◆ Task statement
Find each line below where the word "list" occurs, and copy it.

^^^^

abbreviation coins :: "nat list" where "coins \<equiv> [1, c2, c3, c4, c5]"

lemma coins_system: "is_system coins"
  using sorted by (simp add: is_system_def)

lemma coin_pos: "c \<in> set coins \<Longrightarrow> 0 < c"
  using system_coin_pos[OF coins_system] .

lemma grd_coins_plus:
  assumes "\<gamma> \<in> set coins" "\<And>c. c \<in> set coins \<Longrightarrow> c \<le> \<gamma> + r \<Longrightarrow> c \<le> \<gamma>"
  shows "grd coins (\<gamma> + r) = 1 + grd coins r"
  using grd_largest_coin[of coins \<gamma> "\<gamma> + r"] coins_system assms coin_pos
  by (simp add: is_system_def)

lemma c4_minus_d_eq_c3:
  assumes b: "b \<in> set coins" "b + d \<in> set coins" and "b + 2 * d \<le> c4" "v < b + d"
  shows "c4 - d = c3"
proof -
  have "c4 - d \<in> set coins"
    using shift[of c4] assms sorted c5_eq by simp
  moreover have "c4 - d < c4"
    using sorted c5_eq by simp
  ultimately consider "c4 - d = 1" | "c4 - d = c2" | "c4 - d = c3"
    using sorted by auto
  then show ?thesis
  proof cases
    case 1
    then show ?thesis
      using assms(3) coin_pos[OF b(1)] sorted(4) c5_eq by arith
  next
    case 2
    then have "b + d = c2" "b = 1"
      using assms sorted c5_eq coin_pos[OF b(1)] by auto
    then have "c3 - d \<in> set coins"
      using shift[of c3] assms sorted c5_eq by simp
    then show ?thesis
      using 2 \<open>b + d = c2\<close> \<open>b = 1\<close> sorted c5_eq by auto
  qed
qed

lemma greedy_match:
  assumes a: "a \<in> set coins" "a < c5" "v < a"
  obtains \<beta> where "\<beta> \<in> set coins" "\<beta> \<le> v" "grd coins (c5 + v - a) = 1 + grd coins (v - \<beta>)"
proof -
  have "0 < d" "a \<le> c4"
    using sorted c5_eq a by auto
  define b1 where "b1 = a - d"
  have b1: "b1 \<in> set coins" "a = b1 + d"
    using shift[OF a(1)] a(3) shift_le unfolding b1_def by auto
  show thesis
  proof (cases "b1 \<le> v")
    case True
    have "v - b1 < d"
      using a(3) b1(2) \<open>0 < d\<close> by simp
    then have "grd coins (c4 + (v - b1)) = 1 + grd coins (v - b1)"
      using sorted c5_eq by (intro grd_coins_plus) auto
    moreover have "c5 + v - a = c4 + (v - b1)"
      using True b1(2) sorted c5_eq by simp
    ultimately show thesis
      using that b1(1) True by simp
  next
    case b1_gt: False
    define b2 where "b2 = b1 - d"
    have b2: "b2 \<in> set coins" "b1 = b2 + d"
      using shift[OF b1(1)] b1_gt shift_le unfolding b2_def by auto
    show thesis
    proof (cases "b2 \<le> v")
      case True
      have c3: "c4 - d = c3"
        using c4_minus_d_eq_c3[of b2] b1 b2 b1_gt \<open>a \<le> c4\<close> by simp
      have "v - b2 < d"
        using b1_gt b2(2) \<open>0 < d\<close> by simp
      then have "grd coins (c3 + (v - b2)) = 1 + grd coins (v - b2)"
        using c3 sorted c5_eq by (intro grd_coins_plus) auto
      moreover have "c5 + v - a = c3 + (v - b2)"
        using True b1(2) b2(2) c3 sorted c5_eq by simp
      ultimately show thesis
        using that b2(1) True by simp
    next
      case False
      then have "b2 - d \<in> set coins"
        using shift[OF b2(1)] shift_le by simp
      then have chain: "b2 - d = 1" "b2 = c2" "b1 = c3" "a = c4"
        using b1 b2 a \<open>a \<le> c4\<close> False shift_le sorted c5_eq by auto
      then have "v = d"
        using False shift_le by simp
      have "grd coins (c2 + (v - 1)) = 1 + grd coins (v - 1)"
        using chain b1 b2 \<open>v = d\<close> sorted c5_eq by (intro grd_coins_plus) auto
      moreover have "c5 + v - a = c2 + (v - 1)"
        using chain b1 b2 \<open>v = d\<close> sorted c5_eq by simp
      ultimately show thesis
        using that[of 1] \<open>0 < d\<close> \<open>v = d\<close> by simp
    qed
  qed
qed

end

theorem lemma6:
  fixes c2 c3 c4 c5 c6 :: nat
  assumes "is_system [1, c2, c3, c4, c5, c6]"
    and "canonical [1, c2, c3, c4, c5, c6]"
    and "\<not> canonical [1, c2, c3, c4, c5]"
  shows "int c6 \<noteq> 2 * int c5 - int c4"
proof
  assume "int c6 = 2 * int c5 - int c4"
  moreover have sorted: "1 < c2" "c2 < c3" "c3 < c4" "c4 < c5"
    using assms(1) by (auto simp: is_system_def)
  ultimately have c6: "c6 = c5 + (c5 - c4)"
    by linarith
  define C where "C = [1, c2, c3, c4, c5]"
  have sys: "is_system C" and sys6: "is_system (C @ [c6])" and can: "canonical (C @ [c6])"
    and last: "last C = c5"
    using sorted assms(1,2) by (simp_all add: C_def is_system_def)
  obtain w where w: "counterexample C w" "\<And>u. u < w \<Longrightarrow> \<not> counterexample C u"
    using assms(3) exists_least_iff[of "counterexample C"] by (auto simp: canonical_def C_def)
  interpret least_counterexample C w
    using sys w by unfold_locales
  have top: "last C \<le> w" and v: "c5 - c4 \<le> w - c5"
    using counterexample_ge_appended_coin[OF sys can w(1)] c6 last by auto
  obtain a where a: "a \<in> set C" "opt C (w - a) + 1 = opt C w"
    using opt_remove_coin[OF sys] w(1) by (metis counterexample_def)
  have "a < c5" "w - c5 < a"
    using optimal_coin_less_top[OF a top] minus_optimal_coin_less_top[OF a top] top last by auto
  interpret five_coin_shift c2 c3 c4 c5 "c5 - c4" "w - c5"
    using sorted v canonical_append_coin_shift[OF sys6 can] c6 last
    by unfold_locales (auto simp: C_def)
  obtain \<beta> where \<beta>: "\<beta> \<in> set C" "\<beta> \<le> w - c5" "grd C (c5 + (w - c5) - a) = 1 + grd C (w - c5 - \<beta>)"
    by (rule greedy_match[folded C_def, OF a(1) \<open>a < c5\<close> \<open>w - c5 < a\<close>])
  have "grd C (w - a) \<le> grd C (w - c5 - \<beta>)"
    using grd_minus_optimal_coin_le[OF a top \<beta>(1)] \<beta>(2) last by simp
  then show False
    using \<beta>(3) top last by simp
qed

^^^^

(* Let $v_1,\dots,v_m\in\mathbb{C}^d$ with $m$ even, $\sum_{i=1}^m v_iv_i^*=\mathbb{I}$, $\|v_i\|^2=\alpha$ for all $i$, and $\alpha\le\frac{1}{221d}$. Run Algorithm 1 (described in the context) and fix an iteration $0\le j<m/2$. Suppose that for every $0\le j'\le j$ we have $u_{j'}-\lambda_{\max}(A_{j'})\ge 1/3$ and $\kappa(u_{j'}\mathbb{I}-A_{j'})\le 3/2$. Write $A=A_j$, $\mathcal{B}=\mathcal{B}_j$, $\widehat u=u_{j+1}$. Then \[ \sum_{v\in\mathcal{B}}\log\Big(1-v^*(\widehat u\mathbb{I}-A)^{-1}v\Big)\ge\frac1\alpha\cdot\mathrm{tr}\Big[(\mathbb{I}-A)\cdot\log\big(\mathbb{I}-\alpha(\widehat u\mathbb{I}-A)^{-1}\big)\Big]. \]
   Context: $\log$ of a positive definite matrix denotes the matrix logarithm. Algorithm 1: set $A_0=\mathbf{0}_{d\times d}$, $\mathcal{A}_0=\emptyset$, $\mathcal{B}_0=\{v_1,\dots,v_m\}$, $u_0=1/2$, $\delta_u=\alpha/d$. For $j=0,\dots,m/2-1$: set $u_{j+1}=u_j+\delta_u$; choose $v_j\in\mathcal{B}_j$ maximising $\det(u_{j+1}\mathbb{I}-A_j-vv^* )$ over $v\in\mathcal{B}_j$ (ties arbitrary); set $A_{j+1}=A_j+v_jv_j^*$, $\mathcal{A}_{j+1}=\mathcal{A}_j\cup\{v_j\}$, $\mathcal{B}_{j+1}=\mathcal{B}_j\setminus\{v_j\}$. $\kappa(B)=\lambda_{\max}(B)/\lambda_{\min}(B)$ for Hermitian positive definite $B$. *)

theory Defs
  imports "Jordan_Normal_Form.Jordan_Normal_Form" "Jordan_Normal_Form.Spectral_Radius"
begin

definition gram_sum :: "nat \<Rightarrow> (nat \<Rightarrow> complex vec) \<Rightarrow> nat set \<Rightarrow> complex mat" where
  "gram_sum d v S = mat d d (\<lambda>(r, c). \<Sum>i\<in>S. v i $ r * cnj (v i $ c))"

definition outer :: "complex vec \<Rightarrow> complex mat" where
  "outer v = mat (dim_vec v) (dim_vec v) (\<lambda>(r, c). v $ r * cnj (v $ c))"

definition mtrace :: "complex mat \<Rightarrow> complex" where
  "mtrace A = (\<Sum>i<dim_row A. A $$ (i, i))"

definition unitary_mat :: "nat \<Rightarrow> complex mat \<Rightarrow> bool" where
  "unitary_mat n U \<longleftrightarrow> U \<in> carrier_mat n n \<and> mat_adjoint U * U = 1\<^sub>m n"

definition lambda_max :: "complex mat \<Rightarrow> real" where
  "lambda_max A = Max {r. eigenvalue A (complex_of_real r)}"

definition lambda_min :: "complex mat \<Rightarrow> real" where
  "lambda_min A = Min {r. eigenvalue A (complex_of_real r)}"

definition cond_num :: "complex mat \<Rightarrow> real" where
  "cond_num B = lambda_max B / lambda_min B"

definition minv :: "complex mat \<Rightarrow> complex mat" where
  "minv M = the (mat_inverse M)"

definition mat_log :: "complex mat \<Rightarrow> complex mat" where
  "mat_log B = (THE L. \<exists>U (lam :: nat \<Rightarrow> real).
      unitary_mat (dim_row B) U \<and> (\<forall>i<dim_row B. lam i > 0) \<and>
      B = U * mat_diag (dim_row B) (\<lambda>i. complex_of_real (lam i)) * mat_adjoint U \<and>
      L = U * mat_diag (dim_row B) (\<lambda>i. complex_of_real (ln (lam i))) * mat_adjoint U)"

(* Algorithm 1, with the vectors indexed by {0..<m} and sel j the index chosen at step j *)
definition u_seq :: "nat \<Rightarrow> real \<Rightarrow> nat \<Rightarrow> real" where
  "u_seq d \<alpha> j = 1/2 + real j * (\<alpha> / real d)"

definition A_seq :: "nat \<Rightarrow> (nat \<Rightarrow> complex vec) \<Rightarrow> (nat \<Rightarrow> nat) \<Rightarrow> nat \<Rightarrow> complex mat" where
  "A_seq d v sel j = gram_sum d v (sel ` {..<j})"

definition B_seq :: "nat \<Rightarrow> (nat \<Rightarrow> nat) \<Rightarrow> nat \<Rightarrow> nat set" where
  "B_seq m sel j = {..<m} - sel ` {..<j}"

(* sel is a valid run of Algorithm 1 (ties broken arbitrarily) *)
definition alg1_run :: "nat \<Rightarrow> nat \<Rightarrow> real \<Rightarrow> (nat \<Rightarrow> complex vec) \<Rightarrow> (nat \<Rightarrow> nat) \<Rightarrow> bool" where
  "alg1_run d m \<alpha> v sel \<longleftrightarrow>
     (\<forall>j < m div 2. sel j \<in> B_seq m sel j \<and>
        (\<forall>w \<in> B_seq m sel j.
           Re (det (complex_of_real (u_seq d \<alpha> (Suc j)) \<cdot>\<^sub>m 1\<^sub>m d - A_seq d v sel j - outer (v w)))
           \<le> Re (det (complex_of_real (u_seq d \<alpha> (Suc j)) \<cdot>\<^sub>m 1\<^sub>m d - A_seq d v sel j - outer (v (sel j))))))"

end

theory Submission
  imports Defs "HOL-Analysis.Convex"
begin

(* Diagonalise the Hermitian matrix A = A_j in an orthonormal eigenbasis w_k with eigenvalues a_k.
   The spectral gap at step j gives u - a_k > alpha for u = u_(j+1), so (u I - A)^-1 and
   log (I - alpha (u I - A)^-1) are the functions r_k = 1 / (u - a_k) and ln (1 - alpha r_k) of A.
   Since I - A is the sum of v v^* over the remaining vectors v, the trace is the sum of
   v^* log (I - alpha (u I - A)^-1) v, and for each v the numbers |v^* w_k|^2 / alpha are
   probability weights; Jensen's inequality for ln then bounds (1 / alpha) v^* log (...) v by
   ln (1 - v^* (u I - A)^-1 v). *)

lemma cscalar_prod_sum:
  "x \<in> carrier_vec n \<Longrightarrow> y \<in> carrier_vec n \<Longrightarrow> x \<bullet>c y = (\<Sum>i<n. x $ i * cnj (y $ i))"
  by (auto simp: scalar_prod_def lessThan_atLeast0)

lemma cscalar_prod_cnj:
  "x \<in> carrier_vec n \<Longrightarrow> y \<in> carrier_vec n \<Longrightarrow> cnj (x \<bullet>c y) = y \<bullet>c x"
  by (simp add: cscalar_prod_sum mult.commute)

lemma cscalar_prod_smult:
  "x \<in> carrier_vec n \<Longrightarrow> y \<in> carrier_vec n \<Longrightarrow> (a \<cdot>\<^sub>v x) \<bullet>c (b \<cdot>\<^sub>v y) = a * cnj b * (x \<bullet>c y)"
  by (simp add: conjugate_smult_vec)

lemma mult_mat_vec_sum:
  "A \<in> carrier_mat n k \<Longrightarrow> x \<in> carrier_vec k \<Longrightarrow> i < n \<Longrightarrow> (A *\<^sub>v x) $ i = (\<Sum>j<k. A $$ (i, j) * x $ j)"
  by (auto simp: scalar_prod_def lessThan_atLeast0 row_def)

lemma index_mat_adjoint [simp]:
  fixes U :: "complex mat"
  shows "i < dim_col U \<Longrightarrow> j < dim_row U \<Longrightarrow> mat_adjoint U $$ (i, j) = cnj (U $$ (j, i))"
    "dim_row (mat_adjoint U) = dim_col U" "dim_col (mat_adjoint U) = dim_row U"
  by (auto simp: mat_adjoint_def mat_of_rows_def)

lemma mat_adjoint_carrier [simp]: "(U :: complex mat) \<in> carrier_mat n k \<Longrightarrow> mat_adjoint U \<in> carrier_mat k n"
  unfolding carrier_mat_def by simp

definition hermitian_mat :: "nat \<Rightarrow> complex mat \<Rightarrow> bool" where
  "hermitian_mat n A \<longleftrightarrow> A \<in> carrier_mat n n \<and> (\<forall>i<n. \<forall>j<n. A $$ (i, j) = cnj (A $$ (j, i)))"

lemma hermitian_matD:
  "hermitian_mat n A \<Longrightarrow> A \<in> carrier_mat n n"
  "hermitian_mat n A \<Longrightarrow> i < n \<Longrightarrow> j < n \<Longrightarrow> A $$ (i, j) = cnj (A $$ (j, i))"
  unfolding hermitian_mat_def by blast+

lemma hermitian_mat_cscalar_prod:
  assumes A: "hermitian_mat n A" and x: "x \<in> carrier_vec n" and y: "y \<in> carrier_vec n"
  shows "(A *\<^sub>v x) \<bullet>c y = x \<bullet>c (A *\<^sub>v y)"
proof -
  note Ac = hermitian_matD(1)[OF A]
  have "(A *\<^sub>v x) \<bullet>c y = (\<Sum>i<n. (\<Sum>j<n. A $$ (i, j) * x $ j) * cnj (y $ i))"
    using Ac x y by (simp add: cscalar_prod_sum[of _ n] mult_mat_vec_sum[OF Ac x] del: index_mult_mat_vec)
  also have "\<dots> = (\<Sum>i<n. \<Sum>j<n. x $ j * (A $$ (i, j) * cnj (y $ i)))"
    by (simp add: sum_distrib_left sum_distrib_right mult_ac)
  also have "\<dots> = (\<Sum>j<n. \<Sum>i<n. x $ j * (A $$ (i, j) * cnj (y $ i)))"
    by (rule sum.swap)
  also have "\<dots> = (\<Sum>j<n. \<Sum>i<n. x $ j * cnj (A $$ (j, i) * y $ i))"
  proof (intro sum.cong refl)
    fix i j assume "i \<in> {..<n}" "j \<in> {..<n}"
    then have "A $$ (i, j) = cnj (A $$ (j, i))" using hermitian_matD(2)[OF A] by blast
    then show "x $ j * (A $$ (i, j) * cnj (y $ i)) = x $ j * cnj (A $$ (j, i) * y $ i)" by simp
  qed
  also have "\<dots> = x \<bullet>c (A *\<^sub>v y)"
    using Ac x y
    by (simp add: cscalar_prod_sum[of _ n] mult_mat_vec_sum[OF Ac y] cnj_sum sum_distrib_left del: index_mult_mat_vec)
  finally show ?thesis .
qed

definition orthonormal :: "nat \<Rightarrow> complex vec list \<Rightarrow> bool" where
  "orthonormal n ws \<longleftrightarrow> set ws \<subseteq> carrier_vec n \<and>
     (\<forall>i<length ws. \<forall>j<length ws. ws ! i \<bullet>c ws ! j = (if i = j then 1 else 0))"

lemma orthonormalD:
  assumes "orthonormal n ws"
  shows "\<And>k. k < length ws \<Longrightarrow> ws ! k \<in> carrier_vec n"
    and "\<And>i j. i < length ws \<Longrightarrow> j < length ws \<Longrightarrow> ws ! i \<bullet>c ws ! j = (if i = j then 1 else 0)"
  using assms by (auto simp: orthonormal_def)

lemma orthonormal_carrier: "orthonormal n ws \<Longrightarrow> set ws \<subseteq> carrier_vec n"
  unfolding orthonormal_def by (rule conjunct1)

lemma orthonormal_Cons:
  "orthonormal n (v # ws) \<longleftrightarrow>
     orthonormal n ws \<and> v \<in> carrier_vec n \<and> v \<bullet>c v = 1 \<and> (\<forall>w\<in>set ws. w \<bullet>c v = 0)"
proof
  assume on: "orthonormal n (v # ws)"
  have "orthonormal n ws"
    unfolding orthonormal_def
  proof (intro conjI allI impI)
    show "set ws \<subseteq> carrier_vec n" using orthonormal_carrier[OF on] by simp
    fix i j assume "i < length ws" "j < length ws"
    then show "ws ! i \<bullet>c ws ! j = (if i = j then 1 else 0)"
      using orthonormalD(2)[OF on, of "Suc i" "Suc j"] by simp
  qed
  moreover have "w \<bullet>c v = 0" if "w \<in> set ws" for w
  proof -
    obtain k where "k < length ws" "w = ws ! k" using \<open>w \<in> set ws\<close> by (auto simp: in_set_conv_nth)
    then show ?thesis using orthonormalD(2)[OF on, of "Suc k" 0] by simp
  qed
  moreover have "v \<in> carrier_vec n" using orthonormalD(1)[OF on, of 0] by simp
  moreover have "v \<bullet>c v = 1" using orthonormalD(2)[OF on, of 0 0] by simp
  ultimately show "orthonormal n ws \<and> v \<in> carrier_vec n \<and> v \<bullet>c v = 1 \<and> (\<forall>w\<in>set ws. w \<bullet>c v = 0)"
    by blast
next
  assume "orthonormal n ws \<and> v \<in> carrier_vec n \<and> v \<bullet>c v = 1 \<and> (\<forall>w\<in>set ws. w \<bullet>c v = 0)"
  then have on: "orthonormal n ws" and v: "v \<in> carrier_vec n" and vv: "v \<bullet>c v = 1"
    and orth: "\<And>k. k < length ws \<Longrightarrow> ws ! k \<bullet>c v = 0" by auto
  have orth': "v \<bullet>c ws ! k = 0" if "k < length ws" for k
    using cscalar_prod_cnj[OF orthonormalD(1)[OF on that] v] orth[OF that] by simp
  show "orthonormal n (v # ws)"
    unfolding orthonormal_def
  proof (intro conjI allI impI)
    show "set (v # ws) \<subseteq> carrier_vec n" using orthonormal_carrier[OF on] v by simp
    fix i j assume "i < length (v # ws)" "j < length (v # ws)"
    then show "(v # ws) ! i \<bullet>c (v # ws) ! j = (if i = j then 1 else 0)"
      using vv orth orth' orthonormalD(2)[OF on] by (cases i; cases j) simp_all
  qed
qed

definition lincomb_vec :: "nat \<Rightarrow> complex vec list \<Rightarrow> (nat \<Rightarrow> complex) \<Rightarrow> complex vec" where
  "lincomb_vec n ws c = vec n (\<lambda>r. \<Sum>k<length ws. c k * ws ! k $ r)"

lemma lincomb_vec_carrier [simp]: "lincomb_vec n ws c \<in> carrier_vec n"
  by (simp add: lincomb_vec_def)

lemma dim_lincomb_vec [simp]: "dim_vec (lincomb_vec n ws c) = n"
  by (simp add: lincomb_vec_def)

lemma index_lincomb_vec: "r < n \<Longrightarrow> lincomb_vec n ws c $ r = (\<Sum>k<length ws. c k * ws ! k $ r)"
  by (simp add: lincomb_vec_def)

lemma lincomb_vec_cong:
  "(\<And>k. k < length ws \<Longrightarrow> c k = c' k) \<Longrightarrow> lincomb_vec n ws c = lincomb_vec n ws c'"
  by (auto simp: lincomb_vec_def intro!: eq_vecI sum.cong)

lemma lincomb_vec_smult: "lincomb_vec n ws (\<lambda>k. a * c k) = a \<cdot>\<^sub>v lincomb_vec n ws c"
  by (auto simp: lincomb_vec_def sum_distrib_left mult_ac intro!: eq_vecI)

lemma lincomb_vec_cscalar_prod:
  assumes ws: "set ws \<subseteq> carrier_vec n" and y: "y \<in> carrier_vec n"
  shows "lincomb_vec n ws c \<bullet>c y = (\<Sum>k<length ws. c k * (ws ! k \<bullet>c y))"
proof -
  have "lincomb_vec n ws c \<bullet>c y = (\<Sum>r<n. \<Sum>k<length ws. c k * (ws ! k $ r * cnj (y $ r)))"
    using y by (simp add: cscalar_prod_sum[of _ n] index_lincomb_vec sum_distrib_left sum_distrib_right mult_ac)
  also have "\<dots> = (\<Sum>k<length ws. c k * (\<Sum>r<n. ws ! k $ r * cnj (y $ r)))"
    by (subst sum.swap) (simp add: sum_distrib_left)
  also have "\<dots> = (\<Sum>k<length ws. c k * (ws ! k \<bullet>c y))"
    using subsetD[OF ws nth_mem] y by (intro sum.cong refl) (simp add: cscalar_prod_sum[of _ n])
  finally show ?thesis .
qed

^^^^

◆ Solution to this task
abbreviation coins :: "nat list" where "coins \<equiv> [1, c2, c3, c4, c5]"
definition orthonormal :: "nat \<Rightarrow> complex vec list \<Rightarrow> bool" where
definition lincomb_vec :: "nat \<Rightarrow> complex vec list \<Rightarrow> (nat \<Rightarrow> complex) \<Rightarrow> complex vec" where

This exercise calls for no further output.